Creating a Favourable Environment
There are certain conditions that are helpful for beginning the practice of mindfulness. When we create the right environment it’s easier to practise.
It’s good if the place where you meditate (even if it’s only a small space in your home) can be set aside for that purpose. Even if it’s just a chair, you shouldn’t use it for any activity except practising mindfulness.
It’s sometimes said that you should meditate in a place that isn’t too noisy or disturbing, and that you shouldn’t be in a situation where your mind is going to be easily provoked into anger or jealousy or other emotions. This is certainly true while you’re still a novice; but, eventually, you’ll want to be able to switch into mindfulness in any setting.
Beginning the Practice
Practise sitting often but briefly—ten minutes is good. If you force it too much the practice can get complicated, and training the mind should be simple. So you could sit for ten minutes in the morning and ten minutes in the evening. Then you just stop, get up, and go.
Often – say, when you get in from work – you might just flop down and let the mind take you wherever it wants. In mindfulness practice you have to create a personal sense of discipline. When you sit for mindfulness practice, remind yourself: “I’m here to work on my mind. I’m here to train my mind.” Say that to yourself when you sit down, literally.
Use a chair for practice. Sit upright with your bare feet flat on the floor. You can rest your back against the back of the chair, but don’t slouch; slouching interferes with the free flow of your breathing.
Spend some initial time settling into your posture. Imagine that your body is being pulled upwards from the top of your head so your posture is elongated, and then settle.
This posture helps you to stay relaxed and awake. The practice you’re doing is very precise: you should be alert even though you’re calm. If you find yourself getting dull, or hazy, or falling asleep, check your posture.
The gaze should be downward, focussing a couple of inches in front of your nose. The eyes are open but not staring; your gaze is soft.

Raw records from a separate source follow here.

(* Assume $U_1>2U_2$, $0<\varepsilon\ll U_2$ and $U_2/\varepsilon\notin\mathbb N$. Let $(\bar\eta,\eta)$ be a move with $\bar\eta\in\mathcal B$. If $\Delta s:=s(\eta)-s(\bar\eta)=-1$ and $p_2(\bar\eta)\ge\ell_2^*$, then one of the following holds: (i) $\eta\in\mathcal B$; (ii) $\bar\eta\in\mathcal P_1$, $H(\bar\eta)=\Gamma$ and $\eta\in\mathcal B$; (iii) $\eta\notin\mathcal B$ and $\max\{H(\bar\eta),H(\eta)\}>\Gamma$, with $\bar\eta\notin\mathcal P_1\cup\mathcal P_2$.
   Context: Let $L\in\mathbb N$, $\Lambda=\{0,\dots,L\}^2$, $\partial^-\Lambda=\{x\in\Lambda:\exists y\notin\Lambda,\ |y-x|=1\}$, $\Lambda_0=\Lambda\setminus\partial^-\Lambda$, configurations $\eta\in\{0,1\}^\Lambda$ with energy $H(\eta)=-U_1\sum_{(x,y)\in\Lambda^*_{0,h}}\eta(x)\eta(y)-U_2\sum_{(x,y)\in\Lambda^*_{0,v}}\eta(x)\eta(y)+\Delta\sum_{x\in\Lambda}\eta(x)$, with $\Lambda^*_{0,h}$ ($\Lambda^*_{0,v}$) the horizontal (vertical) unoriented nearest-neighbour bonds inside $\Lambda_0$, $U_1,U_2,\Delta>0$. $\varepsilon=U_1+U_2-\Delta$, $\ell_2^*=\lceil U_2/\varepsilon\rceil$, $s^*=3\ell_2^*-1$, $\Gamma=U_1\ell_2^*+2U_2\ell_2^*+U_1-U_2-2\varepsilon(\ell_2^* )^2+3\varepsilon\ell_2^*-2\varepsilon$. A move is a pair $(\bar\eta,\eta)$ with $\eta\ne\bar\eta$ obtained from $\bar\eta$ by exchanging the values at two nearest-neighbour sites of $\Lambda$, or by setting the value at some site of $\partial^-\Lambda$ to $0$, or setting it to $1$. Geometry: a free particle is an occupied site in $\partial^-\Lambda$ or an occupied site of $\Lambda_0$ with no occupied nearest neighbour in $\Lambda_0$; $n(\eta)$ is the number of free particles; $\eta_{cl}$ is the set of occupied sites of $\Lambda_0$ that are not free. $C(\eta_{cl})$ is the union of closed unit squares centred at sites of $\eta_{cl}$; $g_1$ ($g_2$) is half the horizontal (vertical) length of $\partial C(\eta_{cl})$; $p_1$ ($p_2$) is the number of columns (rows) of $\mathbb Z^2$ meeting $C(\eta_{cl})$; $g_i'=g_i-p_i$; monotone means $g_1'=g_2'=0$; $s=p_1+p_2$; $v=p_1p_2-|\eta_{cl}|$; $p_{min}=\min\{p_1,p_2\}$, $p_{max}=\max\{p_1,p_2\}$. The circumscribed rectangle of $\eta_{cl}$ has horizontal side $p_1$, vertical side $p_2$. $\mathcal P_1$: configurations with $n=0$, $v=2\ell_2^*-2$, $\eta_{cl}$ connected, $g_1'=0$, $g_2'=1$, circumscribed rectangle of horizontal side $2\ell_2^*-1$ and vertical side $\ell_2^*$. $\mathcal P_2$: configurations with $n=1$, $v=\ell_2^*-1$, $\eta_{cl}$ connected and monotone, circumscribed rectangle of horizontal side $2\ell_2^*-2$ and vertical side $\ell_2^*$. $\mathcal B$ is the set of $\eta$ such that: $s(\eta)\le s^*-2$; or $s(\eta)\ge s^*-1$ and $p_2(\eta)\le\ell_2^*-1$; or $s(\eta)=s^*-1$, $p_2(\eta)\ge\ell_2^*$ and $v(\eta)\ge p_{min}(\eta)-1$; or $s(\eta)\ge s^*$, $p_2(\eta)=\ell_2^*$ and $v(\eta)\ge p_{max}(\eta)-1$. *)

theory Defs
  imports "HOL-Analysis.Analysis"
begin

type_synonym site = "int \<times> int"
type_synonym config = "site set"   \<comment> \<open>set of occupied sites; a configuration is a subset of Lambda\<close>

definition Lam :: "nat \<Rightarrow> site set" where
  "Lam L = {0..int L} \<times> {0..int L}"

You’re trying to reduce sensory input as much as you can, purposefully ignoring what’s going on around you.
When you practise, you become more and more familiar with your mind. You learn to recognize the movement of the mind, which you experience as thoughts.
Start with a sense of your body, and a sense of where you are, and then start to notice the breathing. The whole feeling of the breath is very important. The breath should not be forced, obviously; you’re breathing naturally. You’ll notice a rising sensation in your chest, and then it peters out. After a moment or two, you’ll find a falling away. This, too, fades out at the bottom of the cycle. Then, once more, you’ll feel a rising in your body.

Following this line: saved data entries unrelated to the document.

lemma norm_line_has_real_derivative:
  fixes y a :: "'a::real_inner"
  assumes "y + t *\<^sub>R a \<noteq> 0"
  shows "((\<lambda>t. norm (y + t *\<^sub>R a)) has_real_derivative
           inner (y + t *\<^sub>R a) a / norm (y + t *\<^sub>R a)) (at t)"
proof -
  have line: "((\<lambda>t. y + t *\<^sub>R a) has_derivative (\<lambda>h. h *\<^sub>R a)) (at t)"
    by (auto intro!: derivative_eq_intros)
  show ?thesis
    unfolding has_field_derivative_def
    using has_derivative_compose[OF line has_derivative_norm[OF assms]]
    by (rule has_derivative_eq_rhs) (simp add: sgn_div_norm fun_eq_iff inner_commute divide_inverse)
qed

lemma radial_second_directional_derivative:
  fixes w :: "'a::real_inner \<Rightarrow> real" and W W1 W2 :: "real \<Rightarrow> real"
  assumes d1: "\<And>s. s > 0 \<Longrightarrow> (W has_real_derivative W1 s) (at s)"
    and d2: "\<And>s. s > 0 \<Longrightarrow> (W1 has_real_derivative W2 s) (at s)"
    and radial: "\<And>z. z \<noteq> 0 \<Longrightarrow> w z = W (norm z)"
    and y: "y \<noteq> 0" and a: "norm a = 1"
  shows "deriv (\<lambda>t. deriv (\<lambda>s. w (y + s *\<^sub>R a)) t) 0
       = (W2 (norm y) - W1 (norm y) / norm y) * (inner y a / norm y)\<^sup>2 + W1 (norm y) / norm y"
proof -
  define r where "r = norm y"
  define N where "N t = norm (y + t *\<^sub>R a)" for t
  have r: "r > 0" using y by (simp add: r_def)
  have a_unit: "inner a a = 1" using a by (simp add: dot_square_norm)
  have N_pos: "N t > 0" if "t \<in> ball 0 r" for t
  proof -
    have "r \<le> N t + norm (t *\<^sub>R a)"
      using norm_triangle_sub[of y "y + t *\<^sub>R a"] by (simp add: r_def N_def)
    then show ?thesis using that a by simp
  qed
  have N_deriv: "(N has_real_derivative inner (y + t *\<^sub>R a) a / N t) (at t)" if "t \<in> ball 0 r" for t
    unfolding N_def using N_pos[OF that] by (intro norm_line_has_real_derivative) (auto simp: N_def)
  define \<psi> where "\<psi> t = W1 (N t) * (inner (y + t *\<^sub>R a) a / N t)" for t
  have first_deriv: "deriv (\<lambda>s. w (y + s *\<^sub>R a)) t = \<psi> t" if t: "t \<in> ball 0 r" for t
  proof (rule DERIV_imp_deriv)
    have eq: "W (N s) = w (y + s *\<^sub>R a)" if "s \<in> ball 0 r" for s
      using radial N_pos[OF that] by (auto simp: N_def)
    have "((\<lambda>s. W (N s)) has_real_derivative \<psi> t) (at t)"
      unfolding \<psi>_def by (rule DERIV_chain2[OF d1[OF N_pos[OF t]] N_deriv[OF t]])
    then show "((\<lambda>s. w (y + s *\<^sub>R a)) has_real_derivative \<psi> t) (at t)"
      by (rule has_field_derivative_transform_within_open[where S="ball 0 r"]) (use t eq in auto)
  qed
  have N0: "N 0 = r" by (simp add: N_def r_def)
  have "0 \<in> ball 0 r" using r by simp
  from N_deriv[OF this] have N0_deriv: "(N has_real_derivative inner y a / r) (at 0)"
    by (simp add: N0)
  have "((\<lambda>t. inner (y + t *\<^sub>R a) a / N t) has_real_derivative
      (inner a a * N 0 - inner (y + 0 *\<^sub>R a) a * (inner y a / r)) / (N 0 * N 0)) (at 0)"
    using N0_deriv r N0 by (intro DERIV_divide) (auto intro!: derivative_eq_intros simp: inner_add_left)
  from DERIV_mult[OF DERIV_chain2[OF d2[OF r, folded N0] N0_deriv[folded N0]] this]
  have "(\<psi> has_real_derivative
      W2 r * (inner y a / r) * (inner y a / r) + (r - inner y a * (inner y a / r)) / r\<^sup>2 * W1 r) (at 0)"
    unfolding \<psi>_def N0 a_unit by (simp add: power2_eq_square)
  also have "W2 r * (inner y a / r) * (inner y a / r) + (r - inner y a * (inner y a / r)) / r\<^sup>2 * W1 r
      = (W2 r - W1 r / r) * (inner y a / r)\<^sup>2 + W1 r / r"
    using r by (simp add: field_simps power2_eq_square)
  finally have "(\<psi> has_real_derivative (W2 r - W1 r / r) * (inner y a / r)\<^sup>2 + W1 r / r) (at 0)" .
  then have "((\<lambda>t. deriv (\<lambda>s. w (y + s *\<^sub>R a)) t) has_real_derivative
      (W2 r - W1 r / r) * (inner y a / r)\<^sup>2 + W1 r / r) (at 0)"
    by (rule has_field_derivative_transform_within_open[where S="ball 0 r"]) (use r first_deriv in auto)
  then show ?thesis unfolding r_def by (rule DERIV_imp_deriv)
qed

lemma laplacian_radial:
  fixes w :: "real^'n \<Rightarrow> real" and W W1 W2 :: "real \<Rightarrow> real"
  assumes d1: "\<And>s. s > 0 \<Longrightarrow> (W has_real_derivative W1 s) (at s)"
    and d2: "\<And>s. s > 0 \<Longrightarrow> (W1 has_real_derivative W2 s) (at s)"
    and radial: "\<And>z. z \<noteq> 0 \<Longrightarrow> w z = W (norm z)"
    and y: "y \<noteq> 0"
  shows "laplacian w y = W2 (norm y) + (real CARD('n) - 1) / norm y * W1 (norm y)"
proof -
  define r where "r = norm y"
  have r: "r > 0" using y by (simp add: r_def)
  have "laplacian w y = (\<Sum>i\<in>UNIV. (W2 r - W1 r / r) * (y$i / r)\<^sup>2 + W1 r / r)"
    unfolding laplacian_def r_def
    by (simp add: radial_second_directional_derivative[OF d1 d2 radial y] inner_axis)
  also have "\<dots> = (W2 r - W1 r / r) / r\<^sup>2 * (\<Sum>i\<in>UNIV. (y$i)\<^sup>2) + real CARD('n) * (W1 r / r)"
    by (simp add: sum.distrib sum_distrib_left power_divide)
  also have "(\<Sum>i\<in>UNIV. (y$i)\<^sup>2) = r\<^sup>2"
    unfolding r_def power2_norm_eq_inner by (simp add: inner_vec_def power2_eq_square)
  also have "(W2 r - W1 r / r) / r\<^sup>2 * r\<^sup>2 + real CARD('n) * (W1 r / r)
      = W2 r + (real CARD('n) - 1) / r * W1 r"
    using r by (simp add: field_simps)
  finally show ?thesis by (simp add: r_def)
qed

lemma power_mult_has_real_derivative:
  fixes U :: "real \<Rightarrow> real" and m :: nat
  assumes "(U has_real_derivative U1) (at s)" "m \<ge> 1"
  shows "((\<lambda>s. s ^ m * U s) has_real_derivative s ^ (m - 1) * (real m * U s + s * U1)) (at s)"
proof -
  have "((\<lambda>s. s ^ m * U s) has_real_derivative real m * s ^ (m - 1) * U s + s ^ m * U1) (at s)"
    using assms(1) by (auto intro!: derivative_eq_intros)
  moreover have "s ^ m = s ^ (m - 1) * s"
    using assms(2) by (simp add: power_Suc2[symmetric])
  ultimately show ?thesis by (simp add: algebra_simps)
qed

lemma deriv_le_neg_power_eventually_neg:
  fixes K K1 :: "real \<Rightarrow> real" and m :: nat
  assumes m: "m \<ge> 1" and c: "c > 0" and s1: "s1 > 0"
    and deriv: "\<And>s. s \<ge> s1 \<Longrightarrow> (K has_real_derivative K1 s) (at s)"
    and bound: "\<And>s. s \<ge> s1 \<Longrightarrow> K1 s \<le> - c * s ^ (m - 1)"
  obtains S where "S \<ge> s1" "K S < 0"
proof -
  define \<phi> where "\<phi> s = K s + c / real m * s ^ m" for s
  have \<phi>_le: "\<phi> s \<le> \<phi> s1" if "s \<ge> s1" for s
  proof (rule DERIV_nonpos_imp_nonincreasing[OF that])
    fix x assume "s1 \<le> x"
    then have "(\<phi> has_real_derivative K1 x + c * x ^ (m - 1)) (at x)"
      using deriv m unfolding \<phi>_def by (auto intro!: derivative_eq_intros)
    moreover have "K1 x + c * x ^ (m - 1) \<le> 0"
      using bound[OF \<open>s1 \<le> x\<close>] by simp
    ultimately show "\<exists>y. (\<phi> has_real_derivative y) (at x) \<and> y \<le> 0" by blast
  qed
  define S where "S = max s1 (max 1 (real m * (\<phi> s1 + 1) / c))"
  have S: "S \<ge> s1" "S \<ge> 1" "S \<ge> real m * (\<phi> s1 + 1) / c"
    by (auto simp: S_def)
  have "c / real m * S \<ge> c / real m * (real m * (\<phi> s1 + 1) / c)"
    using S(3) c m by (intro mult_left_mono) auto
  then have S_large: "c / real m * S \<ge> \<phi> s1 + 1"
    using c m by simp
  have "S \<le> S ^ m"
    using power_increasing[OF m S(2)] by simp
  then have "c / real m * S \<le> c / real m * S ^ m"
    using c by (intro mult_left_mono) auto
  then have "K S < 0"
    using \<phi>_le[OF S(1)] S_large unfolding \<phi>_def by linarith
  with S(1) show ?thesis by (rule that)
qed

lemma radial_superharmonic_flux_pos:
  fixes U U1 U2 :: "real \<Rightarrow> real" and m :: nat
  assumes m: "m \<ge> 1"
    and d1: "\<And>s. s > 0 \<Longrightarrow> (U has_real_derivative U1 s) (at s)"
    and d2: "\<And>s. s > 0 \<Longrightarrow> (U1 has_real_derivative U2 s) (at s)"
    and superharmonic: "\<And>s. s > 0 \<Longrightarrow> U2 s + (real m + 1) / s * U1 s < 0"
    and U_pos: "\<And>s. s > 0 \<Longrightarrow> U s > 0"
    and s0: "s0 > 0"
  shows "real m * U s0 + s0 * U1 s0 > 0"
proof (rule ccontr)
  assume "\<not> ?thesis"
  then have G_s0: "real m * U s0 + s0 * U1 s0 \<le> 0" by simp
  define G where "G s = real m * U s + s * U1 s" for s
  have G_deriv: "(G has_real_derivative s * (U2 s + (real m + 1) / s * U1 s)) (at s)" if "s > 0" for s
  proof -
    have "(G has_real_derivative real m * U1 s + (U1 s + s * U2 s)) (at s)"
      unfolding G_def using d1[OF that] d2[OF that] by (auto intro!: derivative_eq_intros)
    moreover have "real m * U1 s + (U1 s + s * U2 s) = s * (U2 s + (real m + 1) / s * U1 s)"
      using that by (simp add: field_simps)
    ultimately show ?thesis by simp
  qed
  have G_decreasing: "G b < G a" if "0 < a" "a < b" for a b
  proof (rule DERIV_neg_imp_decreasing[OF that(2)])
    fix x assume "a \<le> x"
    then have "x > 0" using that by linarith
    then show "\<exists>y. (G has_real_derivative y) (at x) \<and> y < 0"
      using G_deriv superharmonic by (blast intro: mult_pos_neg)
  qed
  define s1 where "s1 = s0 + 1"
  define c where "c = - G s1"
  have s1: "s1 > 0" "s0 < s1" using s0 by (auto simp: s1_def)
  have c: "c > 0" using G_decreasing[OF s0 s1(2)] G_s0 s0 by (simp add: c_def G_def)
  have G_le: "G s \<le> - c" if "s \<ge> s1" for s
    using G_decreasing[OF s1(1), of s] that by (cases "s = s1") (auto simp: c_def)
  obtain S where "S \<ge> s1" "S ^ m * U S < 0"
  proof (rule deriv_le_neg_power_eventually_neg[OF m c s1(1)])
    fix s assume "s \<ge> s1"
    then have "s > 0" using s1 by linarith
    show "((\<lambda>s. s ^ m * U s) has_real_derivative s ^ (m - 1) * G s) (at s)"
      unfolding G_def by (rule power_mult_has_real_derivative[OF d1[OF \<open>s > 0\<close>] m])
    show "s ^ (m - 1) * G s \<le> - c * s ^ (m - 1)"
      using mult_left_mono[OF G_le[OF \<open>s \<ge> s1\<close>], of "s ^ (m - 1)"] \<open>s > 0\<close>
      by (simp add: mult.commute)
  qed
  moreover have "S ^ m * U S > 0" using \<open>S \<ge> s1\<close> s1 U_pos[of S] by simp
  ultimately show False by linarith
qed

lemma inverse_power_mult_has_neg_derivative:
  fixes U U1 ub :: "real \<Rightarrow> real" and m :: nat
  assumes m: "m \<ge> 1"
    and d1: "\<And>s. s > 0 \<Longrightarrow> (U has_real_derivative U1 s) (at s)"
    and flux: "\<And>s. s > 0 \<Longrightarrow> real m * U s + s * U1 s > 0"
    and ub: "\<And>r. r > 0 \<Longrightarrow> ub r = inverse r ^ m * U (inverse r)"
    and r: "r > 0"
  obtains d where "(ub has_real_derivative d) (at r)" "d < 0"
proof -
  define s where "s = inverse r"
  define D where "D = s ^ (m - 1) * (real m * U s + s * U1 s)"
  have s: "s > 0" using r by (simp add: s_def)
  have "((\<lambda>s. s ^ m * U s) has_real_derivative D) (at (inverse r))"
    unfolding D_def s_def by (rule power_mult_has_real_derivative[OF d1 m]) (use s s_def in simp)
  from DERIV_chain2[OF this DERIV_inverse[of r]]
  have "((\<lambda>r. inverse r ^ m * U (inverse r)) has_real_derivative D * - (inverse r ^ 2)) (at r)"
    using r by (simp add: power2_eq_square)
  then have "(ub has_real_derivative D * - (inverse r ^ 2)) (at r)"
    by (rule has_field_derivative_transform_within_open[where S="{0<..}"]) (use r ub in auto)
  moreover have "D * - (inverse r ^ 2) < 0"
    using flux[OF s] s r by (simp add: D_def mult_pos_neg)
  ultimately show ?thesis by (rule that)
qed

Observe these sensations, this cycle. Don’t judge them. They’re not good or bad, they just are.
Within seconds of starting, you’ll find thoughts appearing in your mind. No matter what kind of thought comes up, you should say to yourself, “That might be really important, but it’s not what I’m doing. Back to the breath.”
These thoughts might be about what you’re going to have for tea, or how you embarrassed yourself at work, or your favourite TV programme, or the crick in your neck, or you might think “what the hell use is meditation, anyway?” or “hey, I’m quite good at this!” or “oh, I’m really bad at this”. Whatever it is, just note it—label it somehow—and go back to the breath.
This is the point where many people say to themselves, “I can’t do this: every time I attend to the breath, something pops into my head”.
You think that’s bad? That’s not bad. Just go back to the breath. This is what you’re practising—going back to the breath. Not having an empty mind, but going back to the breath. If you find yourself making any kind of value judgement, say “That might be really important, but it’s not what I’m doing. Back to the breath.”
If you notice that you’ve been lost in thought, label it “thinking” or “wanting” or “blaming”—gently and without judgement—and come back to the breath. When you have a thought—no matter how wild or bizarre it might be—just let it go and come back to the breath, come back to the situation here.
What we’re talking about is very practical. Mindfulness practice is simple, and completely feasible. And because we’re working with the mind that experiences life directly, just by sitting and doing nothing, we’re doing a tremendous amount.